Wednesday, February 20, 2008

Microsoft wants YOU...

... to code in their languages. In an effort to gain some market share from the amateur developer world, Microsoft is courting students with their free offering of many major Microsoft development tools including Visual Studio 2008, Expression Studio, and XNA Game Studio. With tools like Eclipse and other free IDE's, users have little incentive for using Microsoft's Visual Studio for anything outside of .NET development. As Microsoft sees the world of development opening up, perhaps they are seeing their development audience migrating toward tools that embrace open rather than exclusivity.

Is this Microsoft's attempt at becoming more "open"? Will we see student's flocking to download Visual Studio or Expression Studio for development? I've used Visual Studio as the primary development tool through most of college and at work from time to time. I certainly see the value in having it, but is this enough to steal users away from Eclipse and other open/free IDE's?

6 comments:

Harry Chen said...

> I certainly see the value in
> having it, but is this enough to
> steal users away from Eclipse
> and other open/free IDE's?

Probably not. But, I think the software development world is large enough to accommodate a variety of development environments and tools. Neither Eclipse or Visual Studio can provide a "one shoe fits all" solution.

Andrew said...

In re to Dr. Chen, it would be for me, as I cant stand Eclipse. Granted, I'm much more inclined to use a flat text editor over an IDE anyways, but I remember using visual studio years back and being able to cope, but Eclipse just does a lot of really annoying things that end up hampering my workflow.

Harry Chen said...

I wonder how many people still program Java using Emacs or vi without running it inside an IDE?

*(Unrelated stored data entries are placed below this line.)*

text \<open>Without leaves, the extremal sequence (3,3,2,...,2) is forced: h <= 2, h = 0 is
  impossible since the high vertices carry excess 2, and h = 1 would be the excluded
  sequence (4,2,...,2).\<close>
lemma no_leaves_case:
  assumes nl0: "nl = 0" and not_4_2: "\<not> (\<exists>v\<in>V. d v = 4 \<and> (\<forall>w\<in>V-{v}. d w = 2))"
  shows "degrees = mset ([3, 3] @ replicate (card V - 2) 2)"
    and "irr_sum = 4 * real (card V) - 8"
proof -
  have no_leaf: "leaves = {}" using nl0 finite_classes(1) by (simp add: nl_def)
  have "nh \<noteq> 0"
  proof
    assume "nh = 0"
    then have "highs = {}" using finite_classes(3) by (simp add: nh_def)
    then show False using excess_highs by simp
  qed
  moreover have "nh \<noteq> 1"
  proof
    assume "nh = 1"
    then obtain v where v: "highs = {v}" by (auto simp: nh_def card_Suc_eq)
    then have "d v = 4" "v \<in> V" using excess_highs nl0 by (auto simp: exc_def highs_def)
    moreover have "d w = 2" if w: "w \<in> V - {v}" for w
    proof -
      have "w \<notin> highs" "w \<notin> leaves" using w v no_leaf by auto
      then show ?thesis using w deg_pos[of w] by (auto simp: highs_def leaves_def)
    qed
    ultimately show False using not_4_2 by blast
  qed
  ultimately have nh2: "nh = 2" using nh_le nl0 by linarith
  then have highs3: "\<And>v. v \<in> highs \<Longrightarrow> d v = 3" using highs_deg_3 nl0 by simp
  have n2: "n2 = card V - 2" using card_V nl0 nh2 by simp
  show "degrees = mset ([3, 3] @ replicate (card V - 2) 2)"
    using degrees_highs_3[OF highs3] nh2 nl0 n2 by (simp add: numeral_2_eq_2)
  show "irr_sum = 4 * real (card V) - 8"
    using irr_sum_formula high_part_zero[OF highs3] card_V nl0 nh2 by simp
qed


lemma one_leaf_case:
  assumes "nl = 1" and "nh = 3"
  shows "degrees = mset ([3, 3, 3] @ replicate (card V - 4) 2 @ [1])"
    and "irr_sum = 8 * real (card V) - 20"
proof -
  have highs3: "\<And>v. v \<in> highs \<Longrightarrow> d v = 3" using highs_deg_3 assms by simp
  have n2: "n2 = card V - 4" using card_V assms by simp
  show "degrees = mset ([3, 3, 3] @ replicate (card V - 4) 2 @ [1])"
    using degrees_highs_3[OF highs3] assms n2 by (simp add: numeral_3_eq_3)
  show "irr_sum = 8 * real (card V) - 20"
    using irr_sum_formula high_part_zero[OF highs3] card_V assms by simp
qed
(* There exists an absolute constant $c$ such that for all integers $n\ge 5$ and $k\ge t_{n-1}(cn)$, every function $\pi_{n,k}$ has maximum distortion at least $4$. In particular, there exist $n$ and $k$ such that every function $\pi_{n,k}$ has maximum distortion at least $4$ (equivalently, every set of functions assigning $n$ agents to $k$ tasks has maximum switching cost at least $4$).
   Context: For positive integers $n,k$, let $\mathcal S_{n,k}$ be the set of all multisets of size $n$ with elements from $[k]=\{1,\dots,k\}$. A function $\pi_{n,k}$ assigns to each $S\in\mathcal S_{n,k}$ a string $\pi_{n,k}(S)$ of length $n$ (positions indexed by $[n]$) whose letters, counted with multiplicity, form exactly the multiset $S$ (i.e. a permutation of $S$). For strings $X,Y$ of equal length, $d(X,Y)$ denotes their Hamming distance. For multisets $A,B$, the symmetric difference $A\oplus B$ is the multiset obtained by removing from $A$ and from $B$ their maximal common sub-multiset $A\cap B$ and taking the union of what remains. A pair $S,S'\in\mathcal S_{n,k}$ with $|S\oplus S'|=2$ has distortion $d(\pi_{n,k}(S),\pi_{n,k}(S'))$; the maximum distortion of $\pi_{n,k}$ is the maximum distortion over all pairs $S,S'\in\mathcal S_{n,k}$ with $|S\oplus S'|=2$. The tower function is defined by $t_1(x)=x$ and $t_{i+1}(x)=2^{t_i(x)}$. *)

theory Defs
  imports Complex_Main "HOL-Library.Multiset"
begin

definition msets :: "nat \<Rightarrow> nat \<Rightarrow> nat multiset set" where
  "msets n k = {S. size S = n \<and> set_mset S \<subseteq> {1..k}}"

definition valid_assignment :: "nat \<Rightarrow> nat \<Rightarrow> (nat multiset \<Rightarrow> nat list) \<Rightarrow> bool" where
  "valid_assignment n k p \<longleftrightarrow> (\<forall>S \<in> msets n k. length (p S) = n \<and> mset (p S) = S)"

definition hamming :: "'a list \<Rightarrow> 'a list \<Rightarrow> nat" where
  "hamming xs ys = card {i. i < length xs \<and> xs ! i \<noteq> ys ! i}"

definition symdiff_size :: "'a multiset \<Rightarrow> 'a multiset \<Rightarrow> nat" where
  "symdiff_size A B = size ((A - B) + (B - A))"

definition max_distortion :: "nat \<Rightarrow> nat \<Rightarrow> (nat multiset \<Rightarrow> nat list) \<Rightarrow> nat" where
  "max_distortion n k p =
     Max {hamming (p S) (p S') | S S'. S \<in> msets n k \<and> S' \<in> msets n k \<and> symdiff_size S S' = 2}"

text \<open>Tower function: t_1(x) = x, t_{i+1}(x) = 2^{t_i(x)} (index 0 is unused; set to x).\<close>
fun tower :: "nat \<Rightarrow> real \<Rightarrow> real" where
  "tower 0 x = x"
| "tower (Suc 0) x = x"
| "tower (Suc (Suc i)) x = 2 powr (tower (Suc i) x)"

end

theory Submission
  imports Defs
begin

text \<open>
  For \<open>a < b < c < d\<close> let \<open>S(a,b,c,d)\<close> be the multiset of \<open>n - 4\<close> copies of \<open>1\<close> together with
  \<open>a, b, c, d\<close>, and colour the quadruple by the positions of \<open>a, b, c, d\<close> in the string
  assigned to \<open>S(a,b,c,d)\<close>; there are \<open>n\<^sup>4\<close> colours. A nested pigeonhole argument (colour each
  \<open>a\<close> by the set of colours of the sets of colours of the quadruples it starts) finds
  \<open>a\<^sub>1 < \<dots> < a\<^sub>5\<close> such that \<open>(a\<^sub>1,\<dots>,a\<^sub>4)\<close> and \<open>(a\<^sub>2,\<dots>,a\<^sub>5)\<close> get the same colour, as soon as
  \<open>k > 2^2^2^(n\<^sup>4)\<close>. The two multisets differ by one swap, yet the strings assigned to them
  disagree in the four positions carrying \<open>a\<^sub>1,\<dots>,a\<^sub>4\<close>, which hold \<open>a\<^sub>2,\<dots>,a\<^sub>5\<close> in the other string.
\<close>

lemma shift_pigeonhole:
  fixes A :: "'a::linorder set" and f :: "'a \<Rightarrow> 'a \<Rightarrow> 'a \<Rightarrow> 'a \<Rightarrow> 'c"
  assumes C: "finite C" and A: "2 ^ 2 ^ 2 ^ card C < card A"
    and f: "\<And>a b c d. a \<in> A \<Longrightarrow> b \<in> A \<Longrightarrow> c \<in> A \<Longrightarrow> d \<in> A \<Longrightarrow> f a b c d \<in> C"
  shows "\<exists>a1 a2 a3 a4 a5. {a1, a2, a3, a4, a5} \<subseteq> A \<and> a1 < a2 \<and> a2 < a3 \<and> a3 < a4 \<and> a4 < a5
           \<and> f a1 a2 a3 a4 = f a2 a3 a4 a5"
proof -
  define above where "above x = {y \<in> A. x < y}" for x
  define T3 where "T3 a b c = f a b c ` above c" for a b c
  define T2 where "T2 a b = T3 a b ` above b" for a b
  define T1 where "T1 a = T2 a ` above a" for a
  have "T1 ` A \<subseteq> Pow (Pow (Pow C))"
    using f unfolding T1_def T2_def T3_def above_def by fastforce
  moreover have "card (Pow (Pow (Pow C))) < card A"
    using A C by (simp add: card_Pow)
  ultimately have "\<not> inj_on T1 A"
    using C card_inj_on_le by (metis finite_Pow_iff not_le)
  then obtain a1 a2 where a12: "a1 \<in> A" "a2 \<in> A" "a1 < a2" and e1: "T1 a1 = T1 a2"
    unfolding inj_on_def by (metis linorder_neqE)
  have "T2 a1 a2 \<in> T1 a2"
    using a12 e1 unfolding T1_def above_def by auto
  then obtain a3 where a3: "a3 \<in> A" "a2 < a3" and e2: "T2 a1 a2 = T2 a2 a3"
    unfolding T1_def above_def by auto
  have "T3 a1 a2 a3 \<in> T2 a2 a3"
    using a3 e2 unfolding T2_def above_def by auto
  then obtain a4 where a4: "a4 \<in> A" "a3 < a4" and e3: "T3 a1 a2 a3 = T3 a2 a3 a4"
    unfolding T2_def above_def by auto
  have "f a1 a2 a3 a4 \<in> T3 a2 a3 a4"
    using a4 e3 unfolding T3_def above_def by auto
  then obtain a5 where "a5 \<in> A" "a4 < a5" "f a1 a2 a3 a4 = f a2 a3 a4 a5"
    unfolding T3_def above_def by auto
  with a12 a3 a4 show ?thesis by blast
qed

definition position :: "'a list \<Rightarrow> 'a \<Rightarrow> nat" where
  "position xs a = (LEAST i. i < length xs \<and> xs ! i = a)"

lemma position_correct:
  assumes "a \<in> set xs"
  shows "position xs a < length xs" "xs ! position xs a = a"
proof -
  have "\<exists>i. i < length xs \<and> xs ! i = a"
    using assms by (simp add: in_set_conv_nth)
  then have "position xs a < length xs \<and> xs ! position xs a = a"
    unfolding position_def by (rule LeastI_ex)
  then show "position xs a < length xs" "xs ! position xs a = a" by auto
qed

lemma hamming_ge_card:
  assumes "I \<subseteq> {..<length xs}" and "\<And>i. i \<in> I \<Longrightarrow> xs ! i \<noteq> ys ! i"
  shows "card I \<le> hamming xs ys"
  unfolding hamming_def using assms by (intro card_mono) auto

lemma hamming_le_length: "hamming xs ys \<le> length xs"
proof -
  have "hamming xs ys \<le> card {..<length xs}"
    unfolding hamming_def by (intro card_mono) auto
  then show ?thesis by simp
qed

lemma hamming_le_max_distortion:
  assumes p: "valid_assignment n k p" and "S \<in> msets n k" "S' \<in> msets n k"
    and "symdiff_size S S' = 2"
  shows "hamming (p S) (p S') \<le> max_distortion n k p"
proof -
  let ?D = "{hamming (p S) (p S') | S S'. S \<in> msets n k \<and> S' \<in> msets n k \<and> symdiff_size S S' = 2}"
  have "?D \<subseteq> {..n}"
    using p hamming_le_length unfolding valid_assignment_def by fastforce
  then have "finite ?D"
    by (rule finite_subset) simp
  moreover have "hamming (p S) (p S') \<in> ?D"
    using assms by blast
  ultimately show ?thesis
    unfolding max_distortion_def by simp
qed

definition window :: "nat \<Rightarrow> nat \<Rightarrow> nat \<Rightarrow> nat \<Rightarrow> nat \<Rightarrow> nat multiset" where
  "window n a b c d = replicate_mset (n - 4) 1 + {#a, b, c, d#}"

lemma window_in_msets:
  "n \<ge> 4 \<Longrightarrow> {a, b, c, d} \<subseteq> {1..k} \<Longrightarrow> window n a b c d \<in> msets n k"
  unfolding window_def msets_def by auto

lemma symdiff_size_window_shift:
  assumes "a1 < a2" "a2 < a3" "a3 < a4" "a4 < a5"
  shows "symdiff_size (window n a1 a2 a3 a4) (window n a2 a3 a4 a5) = 2"
proof -
  define B where "B = replicate_mset (n - 4) 1 + {#a2, a3, a4#}"
  have "window n a1 a2 a3 a4 = add_mset a1 B" "window n a2 a3 a4 a5 = add_mset a5 B"
    unfolding window_def B_def by (auto simp: add_mset_commute)
  moreover have "a1 \<noteq> a5"
    using assms by simp
  ultimately show ?thesis
    unfolding symdiff_size_def by simp
qed

definition window_positions :: "(nat multiset \<Rightarrow> nat list) \<Rightarrow> nat \<Rightarrow> nat \<Rightarrow> nat \<Rightarrow> nat \<Rightarrow> nat \<Rightarrow> nat list"
  where "window_positions p n a b c d = map (position (p (window n a b c d))) [a, b, c, d]"

lemma assigned_window:
  assumes "valid_assignment n k p" "n \<ge> 4" "{a, b, c, d} \<subseteq> {1..k}"
  shows "length (p (window n a b c d)) = n" "set (p (window n a b c d)) = set_mset (window n a b c d)"
proof -
  have "window n a b c d \<in> msets n k"
    using assms(2,3) by (rule window_in_msets)
  then have "length (p (window n a b c d)) = n \<and> mset (p (window n a b c d)) = window n a b c d"
    using assms(1) unfolding valid_assignment_def by blast
  then show "length (p (window n a b c d)) = n" "set (p (window n a b c d)) = set_mset (window n a b c d)"
    by (auto simp flip: set_mset_mset)
qed

lemma window_positions_in_range:
  assumes "valid_assignment n k p" "n \<ge> 4" "{a, b, c, d} \<subseteq> {1..k}"
  shows "window_positions p n a b c d \<in> {xs. set xs \<subseteq> {..<n} \<and> length xs = 4}"
proof -
  let ?xs = "p (window n a b c d)"
  have "position ?xs x < n" if "x \<in> {a, b, c, d}" for x
    using that assigned_window[OF assms] position_correct(1)[of x ?xs]
    unfolding window_def by auto
  then show ?thesis
    unfolding window_positions_def by auto
qed

lemma max_distortion_ge_4_if_positions_shift:
  assumes p: "valid_assignment n k p" and n: "n \<ge> 4"
    and a: "{a1, a2, a3, a4, a5} \<subseteq> {1..k}" "a1 < a2" "a2 < a3" "a3 < a4" "a4 < a5"
    and shift: "window_positions p n a1 a2 a3 a4 = window_positions p n a2 a3 a4 a5"
  shows "4 \<le> max_distortion n k p"
proof -
  let ?S = "window n a1 a2 a3 a4" and ?T = "window n a2 a3 a4 a5"
  let ?P = "position (p ?S)" and ?Q = "position (p ?T)"
  have S: "length (p ?S) = n" "set (p ?S) = set_mset ?S"
    and T: "set (p ?T) = set_mset ?T"
    using assigned_window[OF p n] a(1) by auto
  have P_range: "?P x < n" and P_nth: "p ?S ! ?P x = x" if "x \<in> {a1, a2, a3, a4}" for x
    using that position_correct[of x "p ?S"] S unfolding window_def by auto
  have Q_nth: "p ?T ! ?Q x = x" if "x \<in> {a2, a3, a4, a5}" for x
    using that position_correct[of x "p ?T"] T unfolding window_def by auto
  have PQ: "?P a1 = ?Q a2" "?P a2 = ?Q a3" "?P a3 = ?Q a4" "?P a4 = ?Q a5"
    using shift unfolding window_positions_def by simp_all
  then have shifted: "p ?T ! ?P a1 = a2" "p ?T ! ?P a2 = a3" "p ?T ! ?P a3 = a4" "p ?T ! ?P a4 = a5"
    by (simp_all add: Q_nth)
  let ?I = "?P ` {a1, a2, a3, a4}"
  have "inj_on ?P {a1, a2, a3, a4}"
    by (rule inj_on_inverseI[where g = "(!) (p ?S)"]) (rule P_nth)
  then have "card ?I = 4"
    using a by (simp add: card_image)
  moreover have "card ?I \<le> hamming (p ?S) (p ?T)"
  proof (rule hamming_ge_card)
    show "?I \<subseteq> {..<length (p ?S)}"
      by (simp add: S(1) image_subset_iff P_range)
    show "p ?S ! i \<noteq> p ?T ! i" if "i \<in> ?I" for i
      using that a by (auto simp: P_nth shifted)
  qed
  moreover have "hamming (p ?S) (p ?T) \<le> max_distortion n k p"
    using a n window_in_msets symdiff_size_window_shift
    by (intro hamming_le_max_distortion[OF p]) auto
  ultimately show ?thesis by linarith
qed

lemma max_distortion_ge_4:
  assumes p: "valid_assignment n k p" and n: "n \<ge> 4" and k: "2 ^ 2 ^ 2 ^ n ^ 4 < k"
  shows "4 \<le> max_distortion n k p"
proof -
  let ?C = "{xs. set xs \<subseteq> {..<n} \<and> length xs = 4}"
  have C: "finite ?C" "card ?C = n ^ 4"
    by (simp_all add: finite_lists_length_eq card_lists_length_eq)
  have range: "window_positions p n a b c d \<in> ?C"
    if "a \<in> {1..k}" "b \<in> {1..k}" "c \<in> {1..k}" "d \<in> {1..k}" for a b c d
    using that by (intro window_positions_in_range[OF p n]) auto
  have "\<exists>a1 a2 a3 a4 a5. {a1, a2, a3, a4, a5} \<subseteq> {1..k} \<and> a1 < a2 \<and> a2 < a3 \<and> a3 < a4
      \<and> a4 < a5 \<and> window_positions p n a1 a2 a3 a4 = window_positions p n a2 a3 a4 a5"
    by (rule shift_pigeonhole[OF C(1) _ range]) (simp add: C(2) k)
  then obtain a1 a2 a3 a4 a5 where "{a1, a2, a3, a4, a5} \<subseteq> {1..k}"
      "a1 < a2" "a2 < a3" "a3 < a4" "a4 < a5"
      "window_positions p n a1 a2 a3 a4 = window_positions p n a2 a3 a4 a5"
    by blast
  then show ?thesis
    using max_distortion_ge_4_if_positions_shift[OF p n] by blast
qed

lemma tower_eq_funpow: "tower (Suc i) (real m) = real (((^) 2 ^^ i) m)"
  by (induction i) (simp_all add: powr_realpow)

text \<open>\<open>126\<close> is the least constant with \<open>126 \<cdot> 5 > 5\<^sup>4\<close>; for \<open>n \<ge> 6\<close> the extra
  exponential of the tower absorbs \<open>n\<^sup>4\<close>.\<close>

lemma n4_less_funpow_pow2:
  assumes "n \<ge> 5"
  shows "n ^ 4 < ((^) (2::nat) ^^ (n - 5)) (126 * n)"
proof (cases "n = 5")
  case False
  then have pred: "n - 5 = Suc (n - 6)"
    using assms by simp
  have "n ^ 4 < (2 ^ n) ^ 4"
    by (simp add: power_strict_mono)
  also have "\<dots> \<le> 2 ^ (126 * n)"
    by (simp add: power_mult[symmetric] mult.commute)
  also have "\<dots> = ((^) (2::nat) ^^ 1) (126 * n)"
    by simp
  also have "\<dots> \<le> ((^) 2 ^^ Suc (n - 6)) (126 * n)"
    by (intro funpow_mono2) (auto simp: mono_def less_imp_le)
  finally show ?thesis by (simp only: pred)
qed simp

lemma tower_bound:
  assumes n: "n \<ge> 5" and k: "tower (n - 1) (126 * real n) \<le> real k"
  shows "2 ^ 2 ^ 2 ^ n ^ 4 < k"
proof -
  let ?t = "((^) (2::nat) ^^ (n - 5)) (126 * n)"
  have "tower (n - 1) (126 * real n) = real (((^) 2 ^^ (3 + (n - 5))) (126 * n))"
    using tower_eq_funpow[of "n - 2" "126 * n"] n
    by (simp add: numeral_eq_Suc Suc_diff_Suc)
  also have "\<dots> = real (2 ^ 2 ^ 2 ^ ?t)"
    by (simp add: funpow_add numeral_3_eq_3)
  finally have "2 ^ 2 ^ 2 ^ ?t \<le> k"
    using k by linarith
  moreover have "(2::nat) ^ 2 ^ 2 ^ n ^ 4 < 2 ^ 2 ^ 2 ^ ?t"
    using n4_less_funpow_pow2[OF n] by simp
  ultimately show ?thesis by linarith
qed

theorem theorem2:
  shows "(\<exists>c::real. \<forall>n k. n \<ge> 5 \<and> real k \<ge> tower (n - 1) (c * real n) \<longrightarrow>
            (\<forall>p. valid_assignment n k p \<longrightarrow> max_distortion n k p \<ge> 4))
       \<and> (\<exists>n k. n \<ge> 1 \<and> k \<ge> 1 \<and> (\<forall>p. valid_assignment n k p \<longrightarrow> max_distortion n k p \<ge> 4))"
proof
  have bound: "\<forall>n k. n \<ge> 5 \<and> real k \<ge> tower (n - 1) (126 * real n) \<longrightarrow>
            (\<forall>p. valid_assignment n k p \<longrightarrow> max_distortion n k p \<ge> 4)"
    using max_distortion_ge_4 tower_bound by simp
  then show "\<exists>c::real. \<forall>n k. n \<ge> 5 \<and> real k \<ge> tower (n - 1) (c * real n) \<longrightarrow>
            (\<forall>p. valid_assignment n k p \<longrightarrow> max_distortion n k p \<ge> 4)"
    by blast
  obtain k :: nat where k: "tower (5 - 1) (126 * real (5::nat)) \<le> real k"
    using real_arch_simple by blast
  have "0 < k"
    using tower_bound[OF order_refl k] by (rule le_less_trans[OF zero_le])
  moreover have "\<forall>p. valid_assignment 5 k p \<longrightarrow> max_distortion 5 k p \<ge> 4"
    using bound[rule_format, OF conjI[OF order_refl k]] by blast
  ultimately show "\<exists>n k. n \<ge> 1 \<and> k \<ge> 1 \<and> (\<forall>p. valid_assignment n k p \<longrightarrow> max_distortion n k p \<ge> 4)"
    by (intro exI[of _ "5::nat"] exI[of _ k]) simp
qed

end
lemma negated_solution:
  fixes y h q :: "real \<Rightarrow> real"
  assumes h: "continuous_on {0..1} h" and q: "continuous_on {0..1} q"
    and y': "\<And>s. s \<in> {0<..<1} \<Longrightarrow> (y has_real_derivative c - h s - q s / y s) (at s)"
    and y_pos: "\<And>s. s \<in> {0<..<1} \<Longrightarrow> 0 < y s"
    and "(y \<longlongrightarrow> 0) (at_right 0)" and "(y \<longlongrightarrow> 0) (at_left 1)"
  defines "z \<equiv> \<lambda>x. if x \<in> {0<..<1} then - y x else 0"
  shows "continuous_on {0..1} z \<and> continuous_on {0<..<1} (\<lambda>x. h x - c - q x / z x) \<and>
    (\<forall>x\<in>{0<..<1}. (z has_real_derivative h x - c - q x / z x) (at x)) \<and>
    (\<forall>x\<in>{0<..<1}. z x < 0) \<and> z 0 = 0 \<and> z 1 = 0"
proof (intro conjI ballI)
  have z': "(z has_real_derivative h x - c - q x / z x) (at x)" if x: "x \<in> {0<..<1}" for x
  proof (rule has_field_derivative_transform_within_open[OF _ open_greaterThanLessThan x])
    have "h x - c - q x / z x = - (c - h x - q x / y x)" using x by (simp add: z_def)
    then show "((\<lambda>x. - y x) has_real_derivative h x - c - q x / z x) (at x)"
      by (simp only: DERIV_minus[OF y'[OF x]])
  qed (simp add: z_def)
  show "(z has_real_derivative h x - c - q x / z x) (at x)" if "x \<in> {0<..<1}" for x
    by (rule z'[OF that])
  show "z x < 0" if "x \<in> {0<..<1}" for x using y_pos[OF that] that by (simp add: z_def)
  show "continuous_on {0..1} z"
  proof (rule continuous_on_IccI)
    have "\<forall>\<^sub>F x in at_right 0. - y x = z x"
      unfolding eventually_at_right_field by (intro exI[of _ 1]) (auto simp: z_def)
    then have "(z \<longlongrightarrow> - 0) (at_right 0)"
      using tendsto_minus[OF assms(5)] by (simp only: tendsto_cong)
    then show "(z \<longlongrightarrow> z 0) (at_right 0)" by (simp add: z_def)
    have "\<forall>\<^sub>F x in at_left 1. - y x = z x"
      unfolding eventually_at_left_field by (intro exI[of _ 0]) (auto simp: z_def)
    then have "(z \<longlongrightarrow> - 0) (at_left 1)"
      using tendsto_minus[OF assms(6)] by (simp only: tendsto_cong)
    then show "(z \<longlongrightarrow> z 1) (at_left 1)" by (simp add: z_def)
    show "(z \<longlongrightarrow> z x) (at x)" if "0 < x" "x < 1" for x
      using DERIV_isCont[OF z'] that unfolding isCont_def by simp
  qed simp
  then have "continuous_on {0<..<1} z" by (rule continuous_on_subset) auto
  moreover have "z x \<noteq> 0" if "x \<in> {0<..<1}" for x using y_pos[OF that] that by (simp add: z_def)
  ultimately show "continuous_on {0<..<1} (\<lambda>x. h x - c - q x / z x)"
    using continuous_on_subset[OF h, of "{0<..<1}"] continuous_on_subset[OF q, of "{0<..<1}"]
    by (intro continuous_intros) (auto simp: subset_iff)
qed (simp_all add: z_def)
(* Let $\tau>0$, $M\in\mathbb{Z}^+$, and let $a_i,w_i:[0,\tau]\to\mathbb{R}^N$, $b_i:[0,\tau]\to\mathbb{R}$ ($i=1,\dots,M$) be piecewise constant functions. Let $\phi^\tau:\mathbb{R}^N\to\mathbb{R}^N$ be the flow map $\phi^\tau(x_0)=x(\tau)$ of the ODE $\dot x(t)=\sum_{i=1}^M a_i(t)\tanh(w_i(t)\cdot x(t)+b_i(t))$, $t\in[0,\tau]$, $x(0)=x_0$. Let $\Omega\subset\mathbb{R}^N$ be compact and $\varepsilon>0$. Then there exist $L$ and a leaky-ReLU network $\psi\in\mathcal{N}_{N,L}(\sigma_\alpha)$ from $\mathbb{R}^N$ to $\mathbb{R}^N$ of width $N$ and depth $L$ such that $\|\phi^\tau(x_0)-\psi(x_0)\|<\varepsilon$ for all $x_0\in\Omega$.
   Context: Fix $\alpha\in\mathbb{R}^+\setminus\{1\}$ and let $\sigma_\alpha(x)=x$ for $x>0$ and $\sigma_\alpha(x)=\alpha x$ for $x\le 0$, applied coordinatewise (leaky-ReLU). A leaky-ReLU network of width $N$ and depth $L$ from $\mathbb{R}^{d_x}$ to $\mathbb{R}^{d_y}$ is a map $x\mapsto W_{L+1}\sigma_\alpha(W_L(\cdots\sigma_\alpha(W_1x+b_1)\cdots)+b_L)+b_{L+1}$ with $W_1\in\mathbb{R}^{N\times d_x}$, $W_i\in\mathbb{R}^{N\times N}$ for $2\le i\le L$, $b_i\in\mathbb{R}^N$ for $1\le i\le L$, $W_{L+1}\in\mathbb{R}^{d_y\times N}$, $b_{L+1}\in\mathbb{R}^{d_y}$; $\mathcal{N}_{N,L}(\sigma_\alpha)$ is the set of such networks. Here $d_x=d_y=N$. $\|\cdot\|$ is the Euclidean norm. *)

theory Defs
  imports "HOL-Analysis.Analysis"
begin

definition leaky_relu :: "real \<Rightarrow> real \<Rightarrow> real" where
  "leaky_relu \<alpha> x = (if x > 0 then x else \<alpha> * x)"

definition leaky_relu_vec :: "real \<Rightarrow> real ^ 'n \<Rightarrow> real ^ 'n" where
  "leaky_relu_vec \<alpha> v = (\<chi> i. leaky_relu \<alpha> (v $ i))"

Back in the days, I used Emacs + Ant to write and build Java programs. These days I think Eclipse + Maven is far more efficient. I can't live without syntax highlight and auto-complete etc.

What do you use?

Sarah Stanger said...

I use Eclipse now, but I was a vim user before that. I still use vim for simpler projects.

I keep meaning to download the vi plugin for Eclipse. To me that would be the best of both worlds.

Andrew said...

I'm using this text editor for mac called textmate, which does all the syntax highlighting stuff and has some auto-insert code commands, but the view is more like just a simple texteditor like wordpad. I dont like that IDEs have so much bloat to them when I really only want to use a couple of the features, and I feel like it sort of pushes me into working in a very specific way. I just want to be able to write my code down the way that I want to, which is why i typically get annoyed by the auto-insertion of code bits. Having a term window open with a feature-complete text editor just works a little nicer for me.

Wes said...

TextMate is a fantastic editor. The snippet system is wonderful for code editing, but often I miss completion pop-up when I can't remember the specific snippet I'm looking for. The other thing Eclipse provides that I constantly miss in TextMate is identifier highlighting. Being able to select a variable and then see it highlighted in the entire file is extremely helpful. Still, I end up using TM for almost all of my editing, code or otherwise, because its quick and small and has never crashed on me.